WHAT does Medicaid have in common with “I Dream of Jeannie,” “Lost in Space” and “Get Smart”? They all made their debut in 1965. Although we enjoy watching reruns of these classics, the television networks have updated their programming. The federal government should do the same.
In recent years Washington has taken an obsolete program, which covers health care for low-income Americans, and made it worse through restrictive rule-making that defies common sense. It is biased toward caring for people in nursing homes rather than in their own homes and neighborhoods. It lacks the flexibility to help patients who require some nursing services, but not round-the-clock care.
If we were designing a health insurance program for low-income families today, we would use a much different model to drive efficiency and innovation — one that recognizes that the delivery of health care is fundamentally personal and local.
Time and again states like Wisconsin have blazed the path in Medicaid — from giving individuals greater control over their care to expanding the use of electronic medical records — while the federal bureaucracy has lagged behind. Just now Washington is discovering accountable care organizations (networks of doctors and hospitals that share responsibility for caring for patients and receive incentives to keep costs down) and “medical homes” (a model in which one primary-care doctor takes the main responsibility for a patient).

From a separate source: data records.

lemma lies_cover_step:
  assumes "wf_state D C s" "j < 2 ^ D" "lies_cover D C j K s"
  shows "lies_cover D C j (K + (if sale = (query D s \<le> j) then 0 else 1)) (step D C s sale)"
proof (cases s)
  case (Search d i ph cnt)
  define K' where "K' = K + (if sale = (query D s \<le> j) then 0 else 1)"
  have "K \<le> K'" by (simp add: K'_def)
  from assms(3) Search have counts: "\<forall>k. k \<noteq> j \<longrightarrow> cnt k \<le> K'"
    by (auto simp: K'_def)
  have probe_low: "lies_cover D C j K' (Search d' i' Probe_Low cnt)" for d' i'
    using counts by simp
  have accept: "lies_cover D C j K' (accept_cell D C d i cnt)"
    if "d = D \<Longrightarrow> i \<noteq> j \<Longrightarrow> cnt i < K'"
    using counts that by (auto simp: accept_cell_def intro: lies_cover_confirm_leaf)
  have "lies_cover D C j K' (step D C s sale)"
  proof (cases ph)
    case Probe_Low
    have lie: "K' = Suc K" if "d = D" "j < i" "sale"
      using that Search Probe_Low by (simp add: K'_def cell_leaf)
    from assms(3) Search have "i \<noteq> j \<Longrightarrow> cnt i \<le> K" by simp
    moreover from assms(1) Search have "cell_hi D d i \<le> 2 ^ D" by (auto intro: cell_hi_le)
    ultimately show ?thesis
      using assms(2) Search Probe_Low counts lie
      by (auto simp: cell_leaf intro!: probe_low accept)
  next
    case Probe_High
    have lie: "K' = Suc K" if "d = D" "i < j" "\<not> sale"
      using that Search Probe_High by (simp add: K'_def cell_leaf)
    from assms(3) Search Probe_High have "i \<noteq> j \<Longrightarrow> cnt i \<le> K" "d = D \<Longrightarrow> j < i \<Longrightarrow> cnt i < K"
      by auto
    with Search Probe_High counts lie \<open>K \<le> K'\<close> show ?thesis
      by (auto simp: neq_iff intro!: probe_low accept)
  next
    case Probe_Mid
    with Search counts show ?thesis by simp
  qed
  then show ?thesis by (simp add: K'_def)
qed (use assms lies_cover_mono in auto)

definition search_state :: "nat \<Rightarrow> nat \<Rightarrow> bool list \<Rightarrow> state" where
  "search_state D C sales = foldl (step D C) (Search 0 0 Probe_Low (\<lambda>_. 0)) sales"

lemma wf_search_state: "wf_state D C (search_state D C sales)"
  by (induction sales rule: rev_induct) (auto simp: search_state_def wf_state_step)

locale search_run =
  fixes D C j :: nat and sale :: "nat \<Rightarrow> bool"
  assumes target_less: "j < 2 ^ D"
begin

definition state_at :: "nat \<Rightarrow> state" where
  "state_at t = search_state D C (map sale [0..<t])"

definition lies :: "nat \<Rightarrow> nat" where
  "lies t = (\<Sum>s<t. if sale s = (query D (state_at s) \<le> j) then 0 else 1)"

lemma lies_mono: "t \<le> t' \<Longrightarrow> lies t \<le> lies t'"
  unfolding lies_def by (rule sum_mono2) auto

lemma state_at_Suc: "state_at (Suc t) = step D C (state_at t) (sale t)"
  by (simp add: state_at_def search_state_def)

lemma run_invariant:
  "wf_state D C (state_at t) \<and> lies_cover D C j (lies t) (state_at t) \<and>
   (\<forall>d i ph cnt. state_at t = Search d i ph cnt \<longrightarrow>
      int t - 6 * int (lies t) \<le> potential D j (state_at t))"
proof (induction t)
  case 0
  have "j \<in> cell D 0 0" using target_less by (rule mem_cell_root)
  then show ?case by (simp add: state_at_def search_state_def lies_def node_potential_def)
next
  case (Suc t)
  then have wf: "wf_state D C (state_at t)" and cover: "lies_cover D C j (lies t) (state_at t)" by auto
  have lies_Suc: "lies (Suc t) = lies t + (if sale t = (query D (state_at t) \<le> j) then 0 else 1)"
    by (simp add: lies_def)
  have "int (Suc t) - 6 * int (lies (Suc t)) \<le> potential D j (state_at (Suc t))"
    if "state_at (Suc t) = Search d i ph cnt" for d i ph cnt
  proof -
    from that obtain d0 i0 ph0 cnt0 where "state_at t = Search d0 i0 ph0 cnt0"
      by (cases "state_at t") (auto simp: state_at_Suc)
    with Suc.IH have "int t - 6 * int (lies t) \<le> potential D j (state_at t)" by blast
    with potential_step[OF wf target_less, of "sale t"] that lies_Suc show ?thesis
      by (auto simp: state_at_Suc split: if_splits)
  qed
  with wf_state_step[OF wf] lies_cover_step[OF wf target_less cover] lies_Suc
  show ?case by (simp add: state_at_Suc)
qed

lemma exploits_target_or_ends_early:
  assumes "lies t \<le> C"
  shows "state_at t = Exploit j \<or> t < 3 * D + 3 + 9 * C"
proof (cases "state_at t")
  case (Search d i ph cnt)
  with run_invariant[of t] have "d \<le> D" "cnt j \<le> C" "int t - 6 * int (lies t) \<le> potential D j (state_at t)"
    by auto
  with Search node_potential_le[of d D j i ph] assms show ?thesis by simp
next
  case (Exploit i)
  with run_invariant[of t] assms show ?thesis by auto
qed

end

definition horizon_depth :: "nat \<Rightarrow> nat" where
  "horizon_depth T = nat \<lceil>log 2 (real T)\<rceil>"

lemma horizon_le_pow_depth: "real T \<le> 2 ^ horizon_depth T"
proof (cases "T = 0")
  case False
  then have "real T = 2 powr log 2 (real T)" by simp
  also have "\<dots> \<le> 2 powr real (horizon_depth T)"
    by (simp add: horizon_depth_def real_nat_ceiling_ge)
  finally show ?thesis by (simp add: powr_realpow)
qed simp

lemma horizon_depth_le: "1 \<le> T \<Longrightarrow> real (horizon_depth T) \<le> log 2 (real T) + 1"
  by (simp add: horizon_depth_def)

definition grid_index :: "nat \<Rightarrow> real \<Rightarrow> nat" where
  "grid_index D v = min (2 ^ D - 1) (nat \<lfloor>v * 2 ^ D\<rfloor>)"

lemma grid_index_less: "grid_index D v < 2 ^ D"
  by (simp add: grid_index_def min_less_iff_disj)

lemma grid_le_iff_le_grid_index:
  assumes "0 \<le> v" "q < 2 ^ D"
  shows "real q / 2 ^ D \<le> v \<longleftrightarrow> q \<le> grid_index D v"
proof -
  have "real q / 2 ^ D \<le> v \<longleftrightarrow> real q \<le> v * 2 ^ D" by (simp add: divide_le_eq)
  also have "\<dots> \<longleftrightarrow> q \<le> nat \<lfloor>v * 2 ^ D\<rfloor>" by (simp add: le_nat_iff le_floor_iff assms(1))
  moreover have "q \<le> 2 ^ D - 1" using assms(2) by linarith
  ultimately show ?thesis by (simp add: grid_index_def)
qed

lemma grid_index_approx:
  assumes "v \<le> 1"
  shows "v - real (grid_index D v) / 2 ^ D \<le> 1 / 2 ^ D"
proof -
  have "v * 2 ^ D \<le> real (grid_index D v) + 1"
  proof (cases "nat \<lfloor>v * 2 ^ D\<rfloor> \<le> 2 ^ D - 1")
    case True
    then have "grid_index D v = nat \<lfloor>v * 2 ^ D\<rfloor>" by (simp add: grid_index_def)
    then show ?thesis by linarith
  next
    case False
    then have "grid_index D v = 2 ^ D - 1" by (simp add: grid_index_def)
    with assms show ?thesis by simp
  qed
  then have "(v * 2 ^ D - real (grid_index D v)) / 2 ^ D \<le> 1 / 2 ^ D"
    by (intro divide_right_mono) auto
  then show ?thesis by (simp add: diff_divide_distrib)
qed

definition robust_search :: pricing_alg where
  "robust_search T C h =
     real (query (horizon_depth T) (search_state (horizon_depth T) C (map snd h))) / 2 ^ horizon_depth T"

lemma robust_search_range: "0 \<le> robust_search T C h \<and> robust_search T C h \<le> 1"
  using query_less[OF wf_search_state] by (simp add: robust_search_def less_imp_le)

lemma map_snd_hist: "map snd (hist alg adv T C t) = map (feedback alg adv T C) [0..<t]"
  by (induction t) (simp_all add: Let_def feedback_def price_def)

lemma sum_indicator_less: "(\<Sum>t<T. if t < M then 1 else 0 :: real) = real (min T M)"
  by (induction T) (auto simp: min_def)

lemma regret_le_of_accurate_late_prices:
  fixes alg :: pricing_alg
  assumes "0 \<le> v" "v \<le> 1" "0 \<le> \<epsilon>" and price_nonneg: "\<And>t. 0 \<le> price alg adv T C t"
    and late_rounds: "\<And>t. t < T \<Longrightarrow> M \<le> t \<Longrightarrow>
       price alg adv T C t \<le> v \<and> v - price alg adv T C t \<le> \<epsilon>"
  shows "regret alg adv v T C \<le> real M + real T * \<epsilon>"
proof -
  define p where "p = price alg adv T C"
  have loss: "v - (if p t \<le> v then p t else 0) \<le> (if t < M then 1 else 0) + \<epsilon>" if "t < T" for t
  proof (cases "t < M")
    case True
    from price_nonneg[of t] assms(2) have "v - (if p t \<le> v then p t else 0) \<le> 1"
      by (simp add: p_def)
    with True assms(3) show ?thesis by simp
  next
    case False
    with late_rounds[OF that] show ?thesis by (simp add: p_def)
  qed
  have "regret alg adv v T C = (\<Sum>t<T. v - (if p t \<le> v then p t else 0))"
    unfolding regret_def p_def by (simp add: sum_subtractf)
  also have "\<dots> \<le> (\<Sum>t<T. (if t < M then 1 else 0) + \<epsilon>)"
    by (rule sum_mono) (simp add: loss)
  also have "\<dots> = real (min T M) + real T * \<epsilon>"
    by (simp add: sum.distrib sum_indicator_less)
  also have "\<dots> \<le> real M + real T * \<epsilon>"
    by simp
  finally show ?thesis .
qed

Wisconsin has created a database of claims and payments that gathers information from all insurers, including private companies and the state Medicaid program. It allows people to compare cost and quality across providers. We have asked Washington to add its data to our database, but it has not done so.
We need to modernize not only Medicaid’s benefits and service delivery, but also its financing. In good times, the open-ended federal Medicaid match encourages states to overspend. Amazingly, the program is now viewed by some states as a form of economic development because each state can at least double its money for each dollar spent. That matching feature penalizes efficiency and thrift, since a reduction of $1 in state spending also means forfeiting at least one federal dollar, often more.
Medicaid in its present, outdated form is unsustainable. Without serious reform, it is unthinkable to add 16 million more people, as President Obama’s health care legislation would do. The White House budget would temporarily pay 100 percent of the costs of new Medicaid enrollees. As a result, many states would expand enrollment, deferring the hard decisions until the federal money goes away.
An alternative approach is to offer block grants for Medicaid, as my fellow Wisconsinite, Representative Paul D. Ryan, the chairman of the House Budget Committee, has urged. Why now support a block grant for Medicaid when similar proposals have failed?
First, we know from more than a decade of experience with welfare reform that switching from open-ended entitlements to block grants pushes both individuals and states to behave more responsibly.
Second, more than a decade of experience with the State Children’s Health Insurance Program, which has vastly expanded coverage for children while being more flexible than Medicaid, shows the success of the block-grant model.
Third, there are already caps within Medicaid through so-called Section 1115 demonstration projects. It is through such projects, known as waivers, that innovative programs like BadgerCare in Wisconsin and MassHealth in Massachusetts (which President Obama says was his model for reform) were built. States from Arizona to Washington have also had waivers that capped federal liability for Medicaid. Their success shows that we can move beyond demonstration projects and let the federal government relinquish control over Medicaid.
Finally, some state officials oppose block grants because capped financing would bring the fiscal discipline they try desperately to avoid. But this discipline is precisely what is necessary to slow the rate of growth in health care costs. It is unlikely that doctors and hospitals will support authentic cost-saving measures as long as they believe there is more money coming from somewhere.
States are not merely “laboratories of democracy,” but also sovereign governments under our system of federalism. Unfortunately, the encroachment of the federal government in Medicaid threatens to reduce states to mere agents.
Block grants would bring a truce to the tug-of-wars between Washington and the states. This is the best option for Medicaid, facing a midlife crisis, to survive.